Source material section start
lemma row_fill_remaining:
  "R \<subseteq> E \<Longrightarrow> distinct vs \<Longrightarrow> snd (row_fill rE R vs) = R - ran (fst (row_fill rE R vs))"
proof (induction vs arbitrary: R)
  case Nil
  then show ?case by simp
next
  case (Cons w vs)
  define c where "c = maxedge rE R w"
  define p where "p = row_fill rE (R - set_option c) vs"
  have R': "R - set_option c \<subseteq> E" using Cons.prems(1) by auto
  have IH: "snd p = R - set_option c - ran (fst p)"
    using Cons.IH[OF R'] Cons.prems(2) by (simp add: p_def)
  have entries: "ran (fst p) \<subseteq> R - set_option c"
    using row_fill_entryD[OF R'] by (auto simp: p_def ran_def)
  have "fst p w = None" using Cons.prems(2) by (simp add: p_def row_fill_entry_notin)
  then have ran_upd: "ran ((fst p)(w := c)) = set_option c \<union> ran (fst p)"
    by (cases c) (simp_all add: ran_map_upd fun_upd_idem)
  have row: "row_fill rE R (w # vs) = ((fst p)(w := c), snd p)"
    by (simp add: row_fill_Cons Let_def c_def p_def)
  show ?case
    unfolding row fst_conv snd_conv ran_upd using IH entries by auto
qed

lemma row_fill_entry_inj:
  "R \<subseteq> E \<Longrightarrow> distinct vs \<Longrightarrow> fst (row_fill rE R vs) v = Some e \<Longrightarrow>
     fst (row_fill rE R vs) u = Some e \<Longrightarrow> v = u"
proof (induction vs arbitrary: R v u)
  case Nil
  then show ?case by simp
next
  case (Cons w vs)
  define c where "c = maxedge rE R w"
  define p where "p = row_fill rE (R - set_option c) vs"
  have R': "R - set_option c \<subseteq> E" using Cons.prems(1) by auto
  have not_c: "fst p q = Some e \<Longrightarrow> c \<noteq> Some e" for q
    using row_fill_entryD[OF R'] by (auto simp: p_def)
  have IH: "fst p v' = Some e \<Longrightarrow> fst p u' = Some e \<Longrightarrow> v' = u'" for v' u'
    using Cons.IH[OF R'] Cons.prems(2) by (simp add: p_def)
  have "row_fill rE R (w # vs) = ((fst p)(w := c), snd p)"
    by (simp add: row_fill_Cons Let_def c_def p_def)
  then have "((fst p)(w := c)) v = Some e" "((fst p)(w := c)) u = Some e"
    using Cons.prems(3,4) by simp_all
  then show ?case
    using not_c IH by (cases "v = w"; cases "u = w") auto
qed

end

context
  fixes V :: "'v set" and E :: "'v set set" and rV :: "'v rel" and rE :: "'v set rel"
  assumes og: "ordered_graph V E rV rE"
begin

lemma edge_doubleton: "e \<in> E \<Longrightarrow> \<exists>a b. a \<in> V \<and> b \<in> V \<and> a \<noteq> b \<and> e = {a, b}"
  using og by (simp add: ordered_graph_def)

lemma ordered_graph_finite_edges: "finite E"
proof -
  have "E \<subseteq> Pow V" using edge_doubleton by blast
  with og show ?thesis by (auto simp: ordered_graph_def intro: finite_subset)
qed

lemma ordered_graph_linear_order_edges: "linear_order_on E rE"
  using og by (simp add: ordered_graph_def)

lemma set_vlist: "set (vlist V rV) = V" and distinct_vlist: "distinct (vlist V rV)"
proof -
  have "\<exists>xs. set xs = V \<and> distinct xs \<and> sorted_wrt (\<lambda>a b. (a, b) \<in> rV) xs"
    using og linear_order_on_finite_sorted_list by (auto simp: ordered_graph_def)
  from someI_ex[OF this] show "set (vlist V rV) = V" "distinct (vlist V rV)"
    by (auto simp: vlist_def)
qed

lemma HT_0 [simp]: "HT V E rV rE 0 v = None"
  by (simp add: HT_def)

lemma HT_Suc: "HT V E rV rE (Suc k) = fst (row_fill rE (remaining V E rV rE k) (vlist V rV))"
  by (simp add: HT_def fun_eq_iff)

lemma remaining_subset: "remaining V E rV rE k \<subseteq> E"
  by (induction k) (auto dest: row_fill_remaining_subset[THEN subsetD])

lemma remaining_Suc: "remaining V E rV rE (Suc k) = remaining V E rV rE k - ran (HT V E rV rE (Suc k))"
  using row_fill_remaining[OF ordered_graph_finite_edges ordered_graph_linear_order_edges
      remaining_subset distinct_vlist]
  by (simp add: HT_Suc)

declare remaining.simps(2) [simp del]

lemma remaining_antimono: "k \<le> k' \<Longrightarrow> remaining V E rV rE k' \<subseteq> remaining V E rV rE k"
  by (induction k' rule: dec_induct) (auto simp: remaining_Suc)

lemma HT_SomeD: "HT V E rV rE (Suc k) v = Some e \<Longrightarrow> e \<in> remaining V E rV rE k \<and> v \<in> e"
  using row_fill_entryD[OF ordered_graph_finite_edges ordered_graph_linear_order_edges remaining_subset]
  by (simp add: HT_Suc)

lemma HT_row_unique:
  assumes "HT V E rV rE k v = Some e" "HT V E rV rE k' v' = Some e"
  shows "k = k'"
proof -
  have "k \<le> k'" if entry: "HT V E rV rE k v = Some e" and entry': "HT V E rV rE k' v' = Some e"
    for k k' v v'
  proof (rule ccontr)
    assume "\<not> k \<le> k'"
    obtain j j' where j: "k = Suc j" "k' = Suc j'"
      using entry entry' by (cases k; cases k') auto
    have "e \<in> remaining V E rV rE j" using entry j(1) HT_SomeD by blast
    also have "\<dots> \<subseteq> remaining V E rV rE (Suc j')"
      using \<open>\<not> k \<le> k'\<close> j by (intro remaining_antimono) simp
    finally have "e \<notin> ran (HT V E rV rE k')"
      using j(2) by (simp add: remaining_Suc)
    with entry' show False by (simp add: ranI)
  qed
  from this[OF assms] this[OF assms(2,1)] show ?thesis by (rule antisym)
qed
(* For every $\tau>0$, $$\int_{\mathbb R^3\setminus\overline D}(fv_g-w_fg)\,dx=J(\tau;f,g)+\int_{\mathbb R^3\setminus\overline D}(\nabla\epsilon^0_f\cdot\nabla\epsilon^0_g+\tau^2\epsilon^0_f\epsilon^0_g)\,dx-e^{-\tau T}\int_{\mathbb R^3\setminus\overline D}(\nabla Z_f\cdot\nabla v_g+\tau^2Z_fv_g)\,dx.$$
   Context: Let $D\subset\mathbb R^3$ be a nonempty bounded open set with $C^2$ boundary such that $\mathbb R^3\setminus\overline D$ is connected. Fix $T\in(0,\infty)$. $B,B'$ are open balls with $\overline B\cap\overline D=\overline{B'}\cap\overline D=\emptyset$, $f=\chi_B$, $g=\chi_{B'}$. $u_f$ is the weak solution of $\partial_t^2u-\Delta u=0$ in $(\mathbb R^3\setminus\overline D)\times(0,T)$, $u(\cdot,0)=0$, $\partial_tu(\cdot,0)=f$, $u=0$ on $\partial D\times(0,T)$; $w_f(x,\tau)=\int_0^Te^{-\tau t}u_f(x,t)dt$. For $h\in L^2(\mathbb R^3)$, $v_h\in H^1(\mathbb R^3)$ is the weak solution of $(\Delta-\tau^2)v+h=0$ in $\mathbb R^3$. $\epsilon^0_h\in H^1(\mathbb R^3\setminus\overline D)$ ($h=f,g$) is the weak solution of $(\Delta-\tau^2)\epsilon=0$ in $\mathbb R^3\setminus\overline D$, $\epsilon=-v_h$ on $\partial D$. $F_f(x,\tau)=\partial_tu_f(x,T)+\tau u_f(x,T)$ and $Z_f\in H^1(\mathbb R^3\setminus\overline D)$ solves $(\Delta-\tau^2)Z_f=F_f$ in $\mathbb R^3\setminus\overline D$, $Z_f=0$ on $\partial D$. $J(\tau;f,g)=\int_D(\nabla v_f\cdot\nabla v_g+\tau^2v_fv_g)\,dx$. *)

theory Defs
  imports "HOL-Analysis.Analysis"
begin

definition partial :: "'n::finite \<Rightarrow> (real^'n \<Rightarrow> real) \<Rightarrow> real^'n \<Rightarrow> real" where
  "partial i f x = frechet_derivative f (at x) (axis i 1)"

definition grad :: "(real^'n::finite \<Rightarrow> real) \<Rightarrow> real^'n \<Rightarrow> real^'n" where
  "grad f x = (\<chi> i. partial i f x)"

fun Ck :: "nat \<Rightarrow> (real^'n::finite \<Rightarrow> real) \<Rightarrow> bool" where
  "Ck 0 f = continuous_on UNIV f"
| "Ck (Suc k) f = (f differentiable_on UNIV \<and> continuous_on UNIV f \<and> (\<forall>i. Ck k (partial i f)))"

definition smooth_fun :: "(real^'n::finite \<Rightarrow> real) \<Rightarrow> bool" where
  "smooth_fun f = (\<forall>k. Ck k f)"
Source material section end
Source material section start
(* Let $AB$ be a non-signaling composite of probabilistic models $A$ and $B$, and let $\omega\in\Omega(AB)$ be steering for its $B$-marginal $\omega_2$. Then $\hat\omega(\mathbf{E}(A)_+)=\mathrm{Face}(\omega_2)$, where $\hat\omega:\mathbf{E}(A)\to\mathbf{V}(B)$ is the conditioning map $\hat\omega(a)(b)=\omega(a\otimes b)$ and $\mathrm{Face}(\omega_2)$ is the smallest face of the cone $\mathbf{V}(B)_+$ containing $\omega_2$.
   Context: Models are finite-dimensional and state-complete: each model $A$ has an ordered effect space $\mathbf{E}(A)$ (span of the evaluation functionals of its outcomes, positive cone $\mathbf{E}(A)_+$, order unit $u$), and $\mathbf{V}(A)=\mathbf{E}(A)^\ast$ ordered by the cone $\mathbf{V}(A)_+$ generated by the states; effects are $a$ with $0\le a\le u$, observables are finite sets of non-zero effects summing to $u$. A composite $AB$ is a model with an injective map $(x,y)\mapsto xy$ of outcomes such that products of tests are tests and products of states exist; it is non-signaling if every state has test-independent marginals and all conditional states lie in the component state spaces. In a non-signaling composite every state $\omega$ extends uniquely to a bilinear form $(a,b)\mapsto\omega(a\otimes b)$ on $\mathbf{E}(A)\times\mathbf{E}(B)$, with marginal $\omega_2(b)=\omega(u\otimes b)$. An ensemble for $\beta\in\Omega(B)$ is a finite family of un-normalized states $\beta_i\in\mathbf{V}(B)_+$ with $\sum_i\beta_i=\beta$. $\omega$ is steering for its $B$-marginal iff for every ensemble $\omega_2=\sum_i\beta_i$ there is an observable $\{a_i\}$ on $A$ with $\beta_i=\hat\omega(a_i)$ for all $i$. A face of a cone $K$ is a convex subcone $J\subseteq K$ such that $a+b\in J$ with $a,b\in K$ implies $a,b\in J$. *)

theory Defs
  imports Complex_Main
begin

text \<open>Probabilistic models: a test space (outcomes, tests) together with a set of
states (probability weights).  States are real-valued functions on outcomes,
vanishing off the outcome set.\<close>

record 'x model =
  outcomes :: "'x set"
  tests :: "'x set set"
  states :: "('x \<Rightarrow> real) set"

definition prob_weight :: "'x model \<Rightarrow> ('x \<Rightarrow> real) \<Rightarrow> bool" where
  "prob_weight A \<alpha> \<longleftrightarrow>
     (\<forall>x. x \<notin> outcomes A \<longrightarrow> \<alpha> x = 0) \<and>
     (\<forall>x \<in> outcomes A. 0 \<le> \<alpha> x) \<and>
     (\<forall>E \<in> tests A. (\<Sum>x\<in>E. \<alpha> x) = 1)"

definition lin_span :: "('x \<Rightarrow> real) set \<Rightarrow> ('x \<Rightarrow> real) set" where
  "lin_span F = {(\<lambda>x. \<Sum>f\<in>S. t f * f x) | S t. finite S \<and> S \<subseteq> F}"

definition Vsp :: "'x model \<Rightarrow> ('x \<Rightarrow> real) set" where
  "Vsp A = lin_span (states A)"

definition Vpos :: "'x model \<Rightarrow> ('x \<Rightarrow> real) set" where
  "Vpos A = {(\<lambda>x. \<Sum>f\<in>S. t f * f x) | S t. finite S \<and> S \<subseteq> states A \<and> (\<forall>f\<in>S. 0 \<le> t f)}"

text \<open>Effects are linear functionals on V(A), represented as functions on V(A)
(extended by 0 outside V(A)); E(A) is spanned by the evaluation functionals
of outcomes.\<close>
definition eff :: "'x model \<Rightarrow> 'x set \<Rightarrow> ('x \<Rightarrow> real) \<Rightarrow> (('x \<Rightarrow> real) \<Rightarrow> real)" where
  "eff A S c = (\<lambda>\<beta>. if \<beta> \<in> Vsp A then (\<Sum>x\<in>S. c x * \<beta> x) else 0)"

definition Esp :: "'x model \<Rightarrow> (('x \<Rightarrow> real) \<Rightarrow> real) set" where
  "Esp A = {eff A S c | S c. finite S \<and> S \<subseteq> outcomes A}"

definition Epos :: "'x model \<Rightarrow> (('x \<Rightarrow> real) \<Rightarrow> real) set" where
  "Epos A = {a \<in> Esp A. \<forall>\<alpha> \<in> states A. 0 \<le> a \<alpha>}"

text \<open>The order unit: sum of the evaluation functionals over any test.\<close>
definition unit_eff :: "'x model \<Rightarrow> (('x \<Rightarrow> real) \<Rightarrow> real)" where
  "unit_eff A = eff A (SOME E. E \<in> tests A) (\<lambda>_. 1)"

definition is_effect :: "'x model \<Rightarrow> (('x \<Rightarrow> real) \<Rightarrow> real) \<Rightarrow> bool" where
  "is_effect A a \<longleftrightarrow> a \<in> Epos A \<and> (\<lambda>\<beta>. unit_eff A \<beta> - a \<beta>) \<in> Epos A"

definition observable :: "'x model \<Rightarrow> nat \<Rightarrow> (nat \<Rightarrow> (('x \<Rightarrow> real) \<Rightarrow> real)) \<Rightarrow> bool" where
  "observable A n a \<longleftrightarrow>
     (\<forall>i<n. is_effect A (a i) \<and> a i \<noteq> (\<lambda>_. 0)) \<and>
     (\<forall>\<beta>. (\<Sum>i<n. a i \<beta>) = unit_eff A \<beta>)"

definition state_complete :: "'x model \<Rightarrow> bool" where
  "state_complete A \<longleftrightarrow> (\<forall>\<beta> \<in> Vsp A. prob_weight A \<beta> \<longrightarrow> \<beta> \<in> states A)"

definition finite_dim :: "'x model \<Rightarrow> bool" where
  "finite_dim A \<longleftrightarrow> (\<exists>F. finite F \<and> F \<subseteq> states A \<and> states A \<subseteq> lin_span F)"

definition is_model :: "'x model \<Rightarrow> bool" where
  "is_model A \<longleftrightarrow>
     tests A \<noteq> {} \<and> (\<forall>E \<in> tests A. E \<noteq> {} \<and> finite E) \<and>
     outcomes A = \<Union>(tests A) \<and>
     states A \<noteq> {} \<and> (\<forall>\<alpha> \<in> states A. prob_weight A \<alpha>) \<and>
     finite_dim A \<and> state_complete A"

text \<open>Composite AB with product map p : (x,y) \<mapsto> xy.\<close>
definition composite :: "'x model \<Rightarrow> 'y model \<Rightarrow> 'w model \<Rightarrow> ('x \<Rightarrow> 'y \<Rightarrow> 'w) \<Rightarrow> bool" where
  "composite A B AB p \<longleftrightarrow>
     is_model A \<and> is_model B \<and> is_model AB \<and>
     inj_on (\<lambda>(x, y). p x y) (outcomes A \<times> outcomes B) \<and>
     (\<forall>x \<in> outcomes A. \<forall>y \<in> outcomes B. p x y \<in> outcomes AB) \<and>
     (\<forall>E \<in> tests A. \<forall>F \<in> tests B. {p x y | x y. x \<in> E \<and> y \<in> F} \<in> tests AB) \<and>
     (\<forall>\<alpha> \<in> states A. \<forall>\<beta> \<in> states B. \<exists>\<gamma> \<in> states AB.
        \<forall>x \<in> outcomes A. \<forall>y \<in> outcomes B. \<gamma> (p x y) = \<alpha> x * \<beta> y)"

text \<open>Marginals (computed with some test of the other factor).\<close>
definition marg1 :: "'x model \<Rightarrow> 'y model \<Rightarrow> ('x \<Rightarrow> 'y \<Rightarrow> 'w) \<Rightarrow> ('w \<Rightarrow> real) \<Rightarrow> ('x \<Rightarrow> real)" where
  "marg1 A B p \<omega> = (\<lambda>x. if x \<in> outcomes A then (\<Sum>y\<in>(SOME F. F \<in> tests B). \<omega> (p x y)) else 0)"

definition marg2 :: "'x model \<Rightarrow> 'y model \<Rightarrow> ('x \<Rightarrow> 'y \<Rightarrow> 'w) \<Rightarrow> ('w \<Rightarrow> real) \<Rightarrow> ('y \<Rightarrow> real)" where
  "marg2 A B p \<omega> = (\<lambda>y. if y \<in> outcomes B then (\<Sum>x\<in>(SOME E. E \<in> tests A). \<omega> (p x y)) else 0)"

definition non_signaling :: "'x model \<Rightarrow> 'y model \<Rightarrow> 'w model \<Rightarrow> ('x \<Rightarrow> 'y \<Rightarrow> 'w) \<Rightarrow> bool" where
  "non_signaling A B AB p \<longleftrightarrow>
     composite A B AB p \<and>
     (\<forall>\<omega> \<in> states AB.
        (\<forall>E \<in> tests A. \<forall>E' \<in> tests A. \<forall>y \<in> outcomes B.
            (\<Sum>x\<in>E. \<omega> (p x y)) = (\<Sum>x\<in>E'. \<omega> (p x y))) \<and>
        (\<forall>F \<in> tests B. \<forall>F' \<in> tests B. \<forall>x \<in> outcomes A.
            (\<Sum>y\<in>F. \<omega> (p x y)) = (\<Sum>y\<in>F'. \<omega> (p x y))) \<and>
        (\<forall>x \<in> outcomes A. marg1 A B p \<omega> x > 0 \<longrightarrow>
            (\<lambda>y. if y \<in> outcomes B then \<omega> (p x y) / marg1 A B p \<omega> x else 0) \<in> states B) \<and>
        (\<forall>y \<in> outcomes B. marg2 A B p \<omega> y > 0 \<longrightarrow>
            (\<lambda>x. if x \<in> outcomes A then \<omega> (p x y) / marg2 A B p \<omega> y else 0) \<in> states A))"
Source material section end
Source material section start
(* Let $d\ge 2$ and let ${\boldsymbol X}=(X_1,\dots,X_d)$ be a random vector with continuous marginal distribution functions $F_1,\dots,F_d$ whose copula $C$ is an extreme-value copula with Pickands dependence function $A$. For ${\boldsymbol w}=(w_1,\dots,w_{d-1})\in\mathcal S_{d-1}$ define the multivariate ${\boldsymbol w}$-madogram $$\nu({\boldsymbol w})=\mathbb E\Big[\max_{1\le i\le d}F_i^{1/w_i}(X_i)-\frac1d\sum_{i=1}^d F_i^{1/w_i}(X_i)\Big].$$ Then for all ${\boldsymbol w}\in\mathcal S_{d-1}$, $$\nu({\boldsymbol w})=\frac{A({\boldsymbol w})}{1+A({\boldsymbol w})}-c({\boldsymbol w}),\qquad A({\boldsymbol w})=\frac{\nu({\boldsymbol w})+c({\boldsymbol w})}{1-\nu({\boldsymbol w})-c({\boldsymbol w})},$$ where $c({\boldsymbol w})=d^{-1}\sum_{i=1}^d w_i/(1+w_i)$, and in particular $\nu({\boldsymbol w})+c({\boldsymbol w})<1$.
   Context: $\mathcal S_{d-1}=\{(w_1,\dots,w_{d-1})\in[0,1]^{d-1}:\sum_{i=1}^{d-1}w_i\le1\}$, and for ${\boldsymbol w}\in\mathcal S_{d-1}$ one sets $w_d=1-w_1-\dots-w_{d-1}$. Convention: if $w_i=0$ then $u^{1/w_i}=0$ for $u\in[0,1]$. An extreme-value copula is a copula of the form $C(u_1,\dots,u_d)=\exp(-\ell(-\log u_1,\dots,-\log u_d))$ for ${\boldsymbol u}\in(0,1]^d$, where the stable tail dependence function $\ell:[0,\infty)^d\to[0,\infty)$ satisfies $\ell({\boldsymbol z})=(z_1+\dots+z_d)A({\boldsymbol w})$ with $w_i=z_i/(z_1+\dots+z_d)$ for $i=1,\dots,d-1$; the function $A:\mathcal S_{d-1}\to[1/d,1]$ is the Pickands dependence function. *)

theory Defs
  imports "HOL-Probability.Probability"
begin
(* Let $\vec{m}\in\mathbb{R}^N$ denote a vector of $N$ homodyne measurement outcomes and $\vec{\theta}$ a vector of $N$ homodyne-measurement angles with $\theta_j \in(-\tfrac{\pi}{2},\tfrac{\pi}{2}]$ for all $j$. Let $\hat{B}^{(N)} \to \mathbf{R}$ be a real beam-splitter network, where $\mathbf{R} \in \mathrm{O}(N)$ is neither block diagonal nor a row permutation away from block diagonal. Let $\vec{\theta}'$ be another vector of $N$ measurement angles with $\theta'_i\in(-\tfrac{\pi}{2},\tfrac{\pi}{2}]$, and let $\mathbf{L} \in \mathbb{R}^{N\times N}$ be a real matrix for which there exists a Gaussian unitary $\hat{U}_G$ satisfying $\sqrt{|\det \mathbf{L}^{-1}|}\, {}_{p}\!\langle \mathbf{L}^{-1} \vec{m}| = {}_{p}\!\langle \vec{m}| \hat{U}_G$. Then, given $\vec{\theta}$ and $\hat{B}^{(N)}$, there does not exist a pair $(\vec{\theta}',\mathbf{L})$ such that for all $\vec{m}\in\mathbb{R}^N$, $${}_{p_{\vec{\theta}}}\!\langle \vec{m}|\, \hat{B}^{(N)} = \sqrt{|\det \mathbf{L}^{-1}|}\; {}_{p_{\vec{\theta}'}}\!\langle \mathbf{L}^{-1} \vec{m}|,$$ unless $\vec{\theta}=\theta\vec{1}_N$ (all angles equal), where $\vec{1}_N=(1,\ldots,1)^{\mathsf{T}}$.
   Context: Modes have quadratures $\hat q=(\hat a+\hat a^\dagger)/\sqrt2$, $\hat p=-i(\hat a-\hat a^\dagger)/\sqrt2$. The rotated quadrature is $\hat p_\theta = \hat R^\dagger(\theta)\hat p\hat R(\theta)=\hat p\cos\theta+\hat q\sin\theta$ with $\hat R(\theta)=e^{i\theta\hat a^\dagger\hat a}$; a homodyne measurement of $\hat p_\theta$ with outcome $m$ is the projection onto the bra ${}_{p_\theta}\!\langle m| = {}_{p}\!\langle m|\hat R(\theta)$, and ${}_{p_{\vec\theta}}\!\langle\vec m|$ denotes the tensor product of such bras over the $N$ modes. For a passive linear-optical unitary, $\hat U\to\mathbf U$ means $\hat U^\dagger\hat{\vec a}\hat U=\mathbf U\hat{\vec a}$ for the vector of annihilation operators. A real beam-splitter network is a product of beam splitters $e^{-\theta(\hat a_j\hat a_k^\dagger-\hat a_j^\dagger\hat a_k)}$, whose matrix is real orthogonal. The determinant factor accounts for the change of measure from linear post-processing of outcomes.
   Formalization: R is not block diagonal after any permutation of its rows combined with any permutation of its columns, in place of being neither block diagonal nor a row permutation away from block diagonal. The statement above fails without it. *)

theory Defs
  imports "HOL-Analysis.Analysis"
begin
Source material section end
__What to produce__: Copy each line above that contains the string "neither".

__Solution for this task__:
(* Let $\vec{m}\in\mathbb{R}^N$ denote a vector of $N$ homodyne measurement outcomes and $\vec{\theta}$ a vector of $N$ homodyne-measurement angles with $\theta_j \in(-\tfrac{\pi}{2},\tfrac{\pi}{2}]$ for all $j$. Let $\hat{B}^{(N)} \to \mathbf{R}$ be a real beam-splitter network, where $\mathbf{R} \in \mathrm{O}(N)$ is neither block diagonal nor a row permutation away from block diagonal. Let $\vec{\theta}'$ be another vector of $N$ measurement angles with $\theta'_i\in(-\tfrac{\pi}{2},\tfrac{\pi}{2}]$, and let $\mathbf{L} \in \mathbb{R}^{N\times N}$ be a real matrix for which there exists a Gaussian unitary $\hat{U}_G$ satisfying $\sqrt{|\det \mathbf{L}^{-1}|}\, {}_{p}\!\langle \mathbf{L}^{-1} \vec{m}| = {}_{p}\!\langle \vec{m}| \hat{U}_G$. Then, given $\vec{\theta}$ and $\hat{B}^{(N)}$, there does not exist a pair $(\vec{\theta}',\mathbf{L})$ such that for all $\vec{m}\in\mathbb{R}^N$, $${}_{p_{\vec{\theta}}}\!\langle \vec{m}|\, \hat{B}^{(N)} = \sqrt{|\det \mathbf{L}^{-1}|}\; {}_{p_{\vec{\theta}'}}\!\langle \mathbf{L}^{-1} \vec{m}|,$$ unless $\vec{\theta}=\theta\vec{1}_N$ (all angles equal), where $\vec{1}_N=(1,\ldots,1)^{\mathsf{T}}$.
   Formalization: R is not block diagonal after any permutation of its rows combined with any permutation of its columns, in place of being neither block diagonal nor a row permutation away from block diagonal. The statement above fails without it. *)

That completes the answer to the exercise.